And then, in the midbrain and 'tweenbrain, Swanson called the structures that initiated locomotion the locomotor pattern initiator, the midbrain locomotor region, and the locomotor pattern controller, the hypothalamic locomotor region.
And when we're in the hypothalamus, we're concerned with structures that underlie what we call the biological drives. So why is there a locomotor pattern generator in the hypothalamus? It doesn't directly control locomotion. It controls the structures in the midbrain and hindbrain and spinal cord that underlie locomotor movements.
But with every drive, think of hunger drive. Locomotion is always involved. If an animal has a high level of hunger, he will move more. Unless he's so hungry, he's getting weak. But that comes rather late, we're talking about just in the normal state. When you're hungrier, you're more likely to locomote to the refrigerator or to the store.
But think of animals who are motivated to forage. Or if they're food storing animals, like a hungry hamster, will only forage at certain times of day when he's safest, when the sun is very low in the sky. But other times when he's hungry, he will generate locomotion to get to the places where he's stored food. And he has an elaborate tunnel, and will go to various places in his tunnel to do that.
So locomotion is associated with all the drives. So it is connected to the other neurons in the hypothalamus that underlie the various motivational states.
So now the cortical layers that we call limbic endbrain structures, they are closely connected to the hypothalamus. Where are they found? And that tells you the origin of the term limbic system. We already discussed the meaning. The term came from Paul Broca, Pierre Paul Broca, who used this phrase, "the great limbic lobe," in French in 1878, for the human brain.

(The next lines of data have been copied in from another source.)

lemma pairwise_prod_remove_nth:
  fixes F :: "'a \<Rightarrow> 'a \<Rightarrow> 'b::comm_ring_1"
  assumes antisym: "\<And>a b. F b a = - F a b" and "k < length xs"
  shows "pairwise_prod F xs
    = (-1) ^ k * (\<Prod>y\<leftarrow>remove_nth k xs. F (xs ! k) y) * pairwise_prod F (remove_nth k xs)"
  using assms(2)
proof (induction xs arbitrary: k)
  case (Cons x xs)
  show ?case
  proof (cases k)
    case (Suc j)
    then have j: "j < length xs" using Cons.prems by simp
    have "(\<Prod>y\<leftarrow>xs. F x y) = F x (xs ! j) * (\<Prod>y\<leftarrow>remove_nth j xs. F x y)"
      by (rule prod_list_remove_nth[OF j])
    then show ?thesis
      using Cons.IH[OF j] Suc antisym[of x "xs ! j"] by (simp add: ac_simps)
  qed simp
qed simp

lemma pairwise_prod_conv_nth:
  "pairwise_prod F xs = (\<Prod>i<length xs. \<Prod>j\<in>{i<..<length xs}. F (xs ! i) (xs ! j))"
proof (induction xs)
  case (Cons x xs)
  have "(\<Prod>i<Suc (length xs). \<Prod>j=Suc i..<Suc (length xs). F ((x # xs) ! i) ((x # xs) ! j))
      = (\<Prod>j<length xs. F x (xs ! j)) * (\<Prod>i<length xs. \<Prod>j=Suc i..<length xs. F (xs ! i) (xs ! j))"
    unfolding prod.lessThan_Suc_shift prod.shift_bounds_Suc_ivl by (simp add: atLeast0LessThan)
  moreover have "(\<Prod>j<length xs. F x (xs ! j)) = (\<Prod>y\<leftarrow>xs. F x y)"
    by (simp add: prod.list_conv_set_nth atLeast0LessThan)
  ultimately show ?case
    using Cons.IH by (simp add: atLeastSucLessThan_greaterThanLessThan)
qed simp

lemma pf_Cons_pairwise_prod_minors:
  fixes M :: "'a \<Rightarrow> 'a \<Rightarrow> 'b::field"
  assumes antisym: "\<And>a b. M b a = - M a b" and "distinct xs"
    and nonzero: "\<And>a b. a \<in> set xs \<Longrightarrow> b \<in> set xs \<Longrightarrow> a \<noteq> b \<Longrightarrow> M a b \<noteq> 0"
    and minors: "\<And>k. k < length xs \<Longrightarrow> pf M (remove_nth k xs) = pairwise_prod M (remove_nth k xs)"
  shows "pf M (x # xs) = pairwise_prod M xs * (\<Sum>c\<in>set xs. M x c / (\<Prod>b\<in>set xs - {c}. M c b))"
proof -
  define D where "D c = (\<Prod>b\<in>set xs - {c}. M c b)" for c
  have "(-1) ^ k * M x (xs ! k) * pf M (remove_nth k xs) = pairwise_prod M xs * (M x (xs ! k) / D (xs ! k))"
    if k: "k < length xs" for k
  proof -
    let ?c = "xs ! k" and ?R = "remove_nth k xs"
    have "set ?R = set xs - {?c}" "distinct ?R"
      using assms(2) k by (intro set_remove_nth distinct_remove_nth; simp)+
    then have "(\<Prod>y\<leftarrow>?R. M ?c y) = D ?c"
      unfolding D_def by (metis prod.distinct_set_conv_list)
    then have "pairwise_prod M xs = (-1) ^ k * D ?c * pairwise_prod M ?R"
      using pairwise_prod_remove_nth[where F = M, OF antisym k] by simp
    moreover have "D ?c \<noteq> 0"
      using nonzero k by (auto simp: D_def)
    ultimately show ?thesis
      using minors[OF k] by (simp add: field_simps)
  qed
  then have "pf M (x # xs) = pairwise_prod M xs * (\<Sum>k<length xs. M x (xs ! k) / D (xs ! k))"
    by (simp add: sum_distrib_left)
  also have "(\<Sum>k<length xs. M x (xs ! k) / D (xs ! k)) = (\<Sum>c\<in>set xs. M x c / D c)"
    using assms(2) by (simp add: sum.distinct_set_conv_list sum_list_sum_nth atLeast0LessThan)
  finally show ?thesis by (simp add: D_def)
qed

lemma pf_schur_ratio:
  fixes xs :: "'a::field list"
  assumes "distinct xs" and "even (length xs)"
    and "\<And>a b. a \<in> set xs \<Longrightarrow> b \<in> set xs \<Longrightarrow> a \<noteq> b \<Longrightarrow> a + b \<noteq> 0"
  shows "pf schur_ratio xs = pairwise_prod schur_ratio xs"
  using assms
proof (induction xs rule: remove_nth_induct)
  case (Cons x xs)
  have sums: "a + b \<noteq> 0" if "a \<in> set xs" "b \<in> set xs" "a \<noteq> b" for a b
    using Cons.prems(3) that by simp
  have "pf schur_ratio (x # xs)
      = pairwise_prod schur_ratio xs * (\<Sum>c\<in>set xs. schur_ratio x c / (\<Prod>b\<in>set xs - {c}. schur_ratio c b))"
  proof (rule pf_Cons_pairwise_prod_minors[OF schur_ratio_antisym])
    show "distinct xs" using Cons.prems(1) by simp
    show "schur_ratio a b \<noteq> 0" if "a \<in> set xs" "b \<in> set xs" "a \<noteq> b" for a b
      using that sums by (simp add: schur_ratio_neq_0)
    show "pf schur_ratio (remove_nth k xs) = pairwise_prod schur_ratio (remove_nth k xs)"
      if k: "k < length xs" for k
    proof (rule Cons.IH[OF k])
      show "distinct (remove_nth k xs)" using Cons.prems(1) k by (intro distinct_remove_nth) simp_all
      show "even (length (remove_nth k xs))" using Cons.prems(2) k by simp
      show "a + b \<noteq> 0" if "a \<in> set (remove_nth k xs)" "b \<in> set (remove_nth k xs)" "a \<noteq> b" for a b
        using sums that set_remove_nth_subset[of k xs] by blast
    qed
  qed
  also have "\<dots> = pairwise_prod schur_ratio xs * (\<Prod>c\<in>set xs. schur_ratio x c)"
  proof -
    have "\<forall>c\<in>set xs. x + c \<noteq> 0" using Cons.prems by auto
    moreover have "odd (card (set xs))" using Cons.prems by (simp add: distinct_card)
    ultimately show ?thesis
      using conjunct1[OF schur_partial_fractions[of "set xs", OF _ sums]] by simp
  qed
  finally show ?case
    using Cons.prems(1) by (simp add: prod.distinct_set_conv_list mult.commute)
qed simp
(* For each $n\in\mathbb{N}_+$ fix integers $2\le d_{n,1}\le\cdots\le d_{n,n}$. For each $n$ let $X^{(n,1)},\ldots,X^{(n,n)}$ be independent random variables with $X^{(n,i)}$ uniformly distributed on $\{0,1,\ldots,d_{n,i}-1\}$, and set $X^{(n)}=\sum_{i=1}^n X^{(n,i)}$. Then $X^{(n)}$ satisfies the CLT if and only if it satisfies the maximum condition.
   Context: The maximum condition means $\max_i \mathbb{V}(X^{(n,i)})/\mathbb{V}(X^{(n)})\to0$ as $n\to\infty$. A sequence $X^{(n)}$ satisfies the CLT if $(X^{(n)}-\mathbb{E}X^{(n)})/\sqrt{\mathbb{V}X^{(n)}}$ converges in distribution to $N(0,1)$. *)

theory Defs
  imports "HOL-Probability.Probability"
begin

definition satisfies_CLT :: "(nat \<Rightarrow> 'a measure) \<Rightarrow> (nat \<Rightarrow> 'a \<Rightarrow> real) \<Rightarrow> bool" where
  "satisfies_CLT M Y \<longleftrightarrow>
     weak_conv_m
       (\<lambda>n. distr (M n) borel
          (\<lambda>\<omega>. (Y n \<omega> - prob_space.expectation (M n) (Y n))
                 / sqrt (prob_space.variance (M n) (Y n))))
       std_normal_distribution"

definition maximum_condition :: "(nat \<Rightarrow> 'a measure) \<Rightarrow> (nat \<Rightarrow> nat \<Rightarrow> 'a \<Rightarrow> real) \<Rightarrow> bool" where
  "maximum_condition M X \<longleftrightarrow>
     (\<lambda>n. (MAX i\<in>{1..n}. prob_space.variance (M n) (X n i))
            / prob_space.variance (M n) (\<lambda>\<omega>. \<Sum>i\<in>{1..n}. X n i \<omega>)) \<longlonglongrightarrow> 0"

end

theory Submission
  imports Defs
begin

(* The standardized row sum has as characteristic function the product of the characteristic
   functions of the centred uniform laws on {0, ..., d - 1}, evaluated at t / sigma, where
   sigma^2 = sum_i (d_i^2 - 1) / 12. If the largest variance is negligible compared to sigma^2,
   Lindeberg's comparison of every factor with exp (- t^2 v_i / (2 sigma^2)) yields the limit
   exp (- t^2 / 2). Conversely, if along a subsequence the ratio of the largest variance to
   sigma^2 tends to c > 0, then at t = 2 pi / sqrt (12 c) the largest factor, a normalised
   geometric sum of d roots of unity turning almost exactly once around the circle, tends to 0,
   whereas the Gaussian limit does not vanish. Levy's continuity theorem translates both
   directions into statements about weak convergence. *)

section \<open>Discrete uniform distribution\<close>

definition uniform_mean :: "int \<Rightarrow> real" where
  "uniform_mean D = (real_of_int D - 1) / 2"

definition uniform_variance :: "int \<Rightarrow> real" where
  "uniform_variance D = ((real_of_int D)\<^sup>2 - 1) / 12"

lemma uniform_variance_mono: "0 \<le> D \<Longrightarrow> D \<le> E \<Longrightarrow> uniform_variance D \<le> uniform_variance E"
  unfolding uniform_variance_def by (auto intro!: divide_right_mono power_mono)

lemma uniform_variance_ge: "2 \<le> D \<Longrightarrow> 1/4 \<le> uniform_variance D"
proof -
  assume "2 \<le> D"
  then have "(2::real)\<^sup>2 \<le> (real_of_int D)\<^sup>2" by (intro power_mono) auto
  then show ?thesis unfolding uniform_variance_def by simp
qed

lemma sum_atLeastLessThan_of_nat: "(\<Sum>k\<in>{0..<int N}. g k) = (\<Sum>j<N. g (int j))"
proof -
  have "{0..<int N} = int ` {..<N}"
    using image_int_atLeastLessThan[of 0 N] by (simp add: lessThan_atLeast0)
  then show ?thesis by (simp add: sum.reindex)
qed

lemma sum_lessThan_real: "(\<Sum>j<N. real j) = real N * (real N - 1) / 2"
  by (induction N) (auto simp: field_simps)
lemma tK_uminus:
  fixes K :: "'a::euclidean_space set"
  assumes K: "convex_body K" and "\<theta> \<noteq> 0" "0 < \<delta>" "\<delta> < 1"
  shows "tK K (-\<theta>) \<delta> = - tK K \<theta> (1 - \<delta>)"
proof -
  have "measure lebesgue (K \<inter> Hminus \<theta> (tK K \<theta> (1 - \<delta>))) = (1 - \<delta>) * measure lebesgue K"
    using tK_eq_iff[OF K \<open>\<theta> \<noteq> 0\<close>, of "1 - \<delta>" "tK K \<theta> (1 - \<delta>)"] assms(3,4) by simp
  then have "measure lebesgue (K \<inter> Hminus (-\<theta>) (- tK K \<theta> (1 - \<delta>))) = \<delta> * measure lebesgue K"
    using measure_Int_Hminus_uminus[OF convex_body_lmeasurable[OF K] \<open>\<theta> \<noteq> 0\<close>, of "tK K \<theta> (1 - \<delta>)"]
    by (simp add: algebra_simps)
  then show ?thesis
    using tK_eq_iff[OF K _ assms(3,4)] \<open>\<theta> \<noteq> 0\<close> by simp
qed

lemma tK_half_uminus:
  fixes K :: "'a::euclidean_space set"
  assumes "convex_body K" "\<theta> \<noteq> 0"
  shows "tK K (-\<theta>) (1/2) = - tK K \<theta> (1/2)"
  using tK_uminus[OF assms, of "1/2"] by simp

lemma measure_halfspaces_tK_half:
  fixes K :: "'a::euclidean_space set"
  assumes K: "convex_body K" and "e \<noteq> 0" "tK K e (1/2) = x \<bullet> e"
  shows "measure lebesgue (K \<inter> {y. x \<bullet> e < y \<bullet> e}) = measure lebesgue K / 2"
    and "measure lebesgue (K \<inter> {y. y \<bullet> e < x \<bullet> e}) = measure lebesgue K / 2"
proof -
  show gt: "measure lebesgue (K \<inter> {y. x \<bullet> e < y \<bullet> e}) = measure lebesgue K / 2"
    using tK_eq_iff[OF K \<open>e \<noteq> 0\<close>, of "1/2" "x \<bullet> e"] assms(3)
      measure_Int_halfspace_gt[OF fmeasurableD[OF convex_body_lmeasurable[OF K]] \<open>e \<noteq> 0\<close>]
    by simp
  then show "measure lebesgue (K \<inter> {y. y \<bullet> e < x \<bullet> e}) = measure lebesgue K / 2"
    using measure_split_by_hyperplane[OF convex_body_lmeasurable[OF K] \<open>e \<noteq> 0\<close>, of "x \<bullet> e"] by simp
qed
(* Let $h>0$, $N,s\in\mathbb{N}$ with $s\ge1$, $\mu>0$, $\alpha,\beta\in[0,1/2]$, and let $L:\mathbb{R}^d\times\mathbb{R}^d\to\mathbb{R}$ be $C^1$. Fix control points $0=d_0<d_1<\dots<d_s=1$, Lagrange polynomials $\ell_\nu$ of degree $s$ with $\ell_\nu(d_i)=\delta_{\nu i}$, and a quadrature rule $(b_i,c_i)_{i=1}^r$ with $c_i\in[0,1]$. For $(q^0,\dots,q^s)\in(\mathbb{R}^d)^{s+1}$ define the polynomial $q(\tau)=\sum_{\nu=0}^s q^\nu\ell_\nu(\tau)$ and the discrete Lagrangian $$L_d(q^0,\dots,q^s)=h\sum_{i=1}^r b_i\,L\Big(\sum_{\nu=0}^s q^\nu\ell_\nu(c_i),\ \tfrac1h\sum_{\nu=0}^s q^\nu\dot\ell_\nu(c_i)\Big).$$ Consider unknowns $x_k^\nu,y_k^\nu\in\mathbb{R}^d$, $k=0,\dots,N-1$, $\nu=0,\dots,s$, subject to $x_k^s=x_{k+1}^0$, $y_k^s=y_{k+1}^0$ ($k=0,\dots,N-2$), and write $x_k:=x_k^0$, $y_k:=y_k^0$ for $k\le N-1$, $x_N:=x_{N-1}^s$, $y_N:=y_{N-1}^s$. Let $\gamma=\rho/\sigma$ with $\rho_0/\sigma_0>0$ (e.g. the BDF function $\gamma_p(z)=\sum_{j=1}^p\frac1j(1-z)^j$), let $\omega_n^{(a)}$ be the Taylor coefficients of $(\gamma(z)/h)^{-a}$, and set $\mathcal{J}_{-}^{a}x_k=\sum_{n=0}^{k}\omega_n^{(a)}x_{k-n}$, $\mathcal{J}_{+}^{a}y_k=\sum_{n=0}^{N-k}\omega_n^{(a)}y_{k+n}$. Define the action $$\mathcal{S}_d=\sum_{k=0}^{N-1}\big(L_d(x_k^0,\dots,x_k^s)+L_d(y_k^0,\dots,y_k^s)\big)-\mu h\sum_{k=0}^{N}\mathcal{J}^{-\alpha}_{-}x_k\cdot\mathcal{J}^{-\beta}_{+}y_k .$$ Suppose the following hold, with $D_i$ the gradient of $L_d$ with respect to its $i$-th argument: (i) $D_{s+1}L_d(x_{k-1}^0,\dots,x_{k-1}^s)+D_1L_d(x_k^0,\dots,x_k^s)-\mu h\,\mathcal{J}^{-(\alpha+\beta)}_{-}x_k^0=0$ for $k=1,\dots,N-1$; (ii) $D_iL_d(x_k^0,\dots,x_k^s)=0$ for $k=0,\dots,N-1$, $i=2,\dots,s$; (iii) $D_{s+1}L_d(y_{k-1}^0,\dots,y_{k-1}^s)+D_1L_d(y_k^0,\dots,y_k^s)-\mu h\,\mathcal{J}^{-(\alpha+\beta)}_{+}y_k^0=0$ for $k=1,\dots,N-1$; (iv) $D_iL_d(y_k^0,\dots,y_k^s)=0$ for $k=0,\dots,N-1$, $i=2,\dots,s$. Then for every family of variations $\delta x_k^\nu\in\mathbb{R}^d$ compatible with the transition condition ($\delta x_k^s=\delta x_{k+1}^0$) and with $\delta x_0^0=0$, $\delta x_{N-1}^s=0$, the derivative at $\epsilon=0$ of $\epsilon\mapsto\mathcal{S}_d$ evaluated at $(x_k^\nu+\epsilon\delta x_k^\nu,\ y_k^\nu+\epsilon\delta x_k^\nu)$ vanishes; i.e. (i)–(iv) are sufficient conditions for extremals of $\mathcal{S}_d$ under restricted variations.
   Context: This is the higher-order (Galerkin) fractional variational integrator: the conservative part uses polynomial interpolation of degree $s$ on each interval $[kh,(k+1)h]$ with a quadrature rule, while the fractional part uses convolution quadrature on the main nodes only. Restricted variations: the same variation is applied to the doubled variables $x$ and $y$. The continuous model being discretized is $\frac{d}{dt}\partial_{\dot x}L-\partial_xL=-\mu D_-^{\alpha+\beta}x$. *)

theory Defs
  imports "HOL-Analysis.Analysis" "HOL-Computational_Algebra.Polynomial"
begin
text \<open>The hypotheses of \<open>F_class\<close>, with the cone condition replaced by the bound on \<open>\<partial>\<^sub>yF\<close> it
  implies.\<close>

locale graph_chart =
  fixes \<alpha> \<beta> C0 C1 K :: real and m :: "'u::euclidean_space \<times> 's::euclidean_space"
    and F :: "'u \<times> 's \<Rightarrow> 'u" and DF :: "'u \<times> 's \<Rightarrow> ('u \<times> 's) \<Rightarrow>\<^sub>L 'u"
  assumes exponents: "0 < \<alpha>" "\<alpha> \<le> 1" "0 < \<beta>" "\<beta> \<le> \<alpha>"
    and radii: "1 < C0" "C0 < C1 / 2"
    and K_nonneg: "0 \<le> K"
    and F_derivative: "\<And>z. z \<in> pbox m C0 \<Longrightarrow>
      (F has_derivative blinfun_apply (DF z)) (at z within pbox m C0)"
    and DF_continuous: "continuous_on (pbox m C0) DF"
    and DF_vertical_bound: "\<And>z k. z \<in> pbox m C0 \<Longrightarrow> norm (DF z (0, k)) \<le> K * norm k"
    and F_base: "\<And>x. x \<in> cball (fst m) C0 \<Longrightarrow> F (x, snd m) = x"
    and DF_holder_snd: "\<And>x y y'. (x, y) \<in> pbox m C0 \<Longrightarrow> (x, y') \<in> pbox m C0 \<Longrightarrow>
      norm (DF (x, y) - DF (x, y')) \<le> dist y y' powr \<alpha> / C1"
    and DF_holder_fst: "\<And>x x' y. (x, y) \<in> pbox m C0 \<Longrightarrow> (x', y) \<in> pbox m C0 \<Longrightarrow>
      norm (DF (x, y) - DF (x', y)) \<le> dist x x' powr \<beta> / C1"
begin

abbreviation "S \<equiv> pbox m C0"
abbreviation "xm \<equiv> fst m"
abbreviation "ym \<equiv> snd m"
abbreviation "\<phi> \<equiv> phi_of F"
abbreviation "L \<equiv> 3 + 2 * K"

lemma mem_S: "(x, y) \<in> S \<longleftrightarrow> x \<in> cball xm C0 \<and> y \<in> cball ym C0"
  by (simp add: pbox_def)

lemma compact_S: "compact S"
  unfolding pbox_def by (intro compact_Times compact_cball)

lemma L_ge_1: "1 \<le> L"
  using K_nonneg by simp

lemma F_has_derivative_fst:
  assumes "y \<in> cball ym C0" "x \<in> cball xm C0"
  shows "((\<lambda>x. F (x, y)) has_derivative (\<lambda>h. DF (x, y) (h, 0))) (at x within cball xm C0)"
proof -
  have "((\<lambda>x. (x, y)) has_derivative (\<lambda>h. (h, 0))) (at x within cball xm C0)"
    by (rule has_derivative_Pair[OF has_derivative_ident has_derivative_const])
  moreover have "(\<lambda>x. (x, y)) ` cball xm C0 \<subseteq> S" using assms(1) by (auto simp: mem_S)
  ultimately show ?thesis using has_derivative_in_compose2[OF F_derivative _ assms(2)] by simp
qed

lemma F_has_derivative_snd:
  assumes "x \<in> cball xm C0" "y \<in> cball ym C0"
  shows "((\<lambda>y. F (x, y)) has_derivative (\<lambda>k. DF (x, y) (0, k))) (at y within cball ym C0)"
proof -
  have "((\<lambda>y. (x, y)) has_derivative (\<lambda>k. (0, k))) (at y within cball ym C0)"
    by (rule has_derivative_Pair[OF has_derivative_const has_derivative_ident])
  moreover have "(\<lambda>y. (x, y)) ` cball ym C0 \<subseteq> S" using assms(1) by (auto simp: mem_S)
  ultimately show ?thesis using has_derivative_in_compose2[OF F_derivative _ assms(2)] by simp
qed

But I have to point out that that doesn't mean that Broca understood the functions, OK, or the connections, because the methods simply weren't good enough for him to know that. It wasn't until the 20th century that we began to realize that.
But what Broca called the great limbic lobe, you have to look at a human hemisphere from the medial side. And this particular picture of the human brain on top and rodent brains down below, I've divided it according to major functions. And I say that these are all structures closely tied to motivational states because they're closely linked to the hypothalamus.
And notice that they're always around this edge of the hemisphere. So if you start just at the corpus callosum and go just above it, you're in limbic areas of singular cortex. These are the parolfactory regions. The orbital frontal region is closely connected to these.
Broca's area would not be included. This would be Broca's area here, and this would be the area controlling the movements of speaking, just behind Broca's area but in the motor areas of the cortex.
But that doesn't mean that Broca's area is not connected to these areas. It is. The various, multi-sensory association areas of cortex are the areas most closely tied to these limbic structures.
We often call them paralimbic, and reserve the term limbic structures to the subcortical structures that are closely tied to the brain stem. But the paralimbic structures are these structures that are near that.
But that's the great limbic lobe that forms this whole ring. The medial edge of the brain, and here you see them in a rodent brain. Some of this would be connected to the [? MD, ?] which means it's prefrontal neocortex, but in the rodent those areas get connections from the anterior nuclei too, which cannot be the [? singular. ?] We'll be going over that.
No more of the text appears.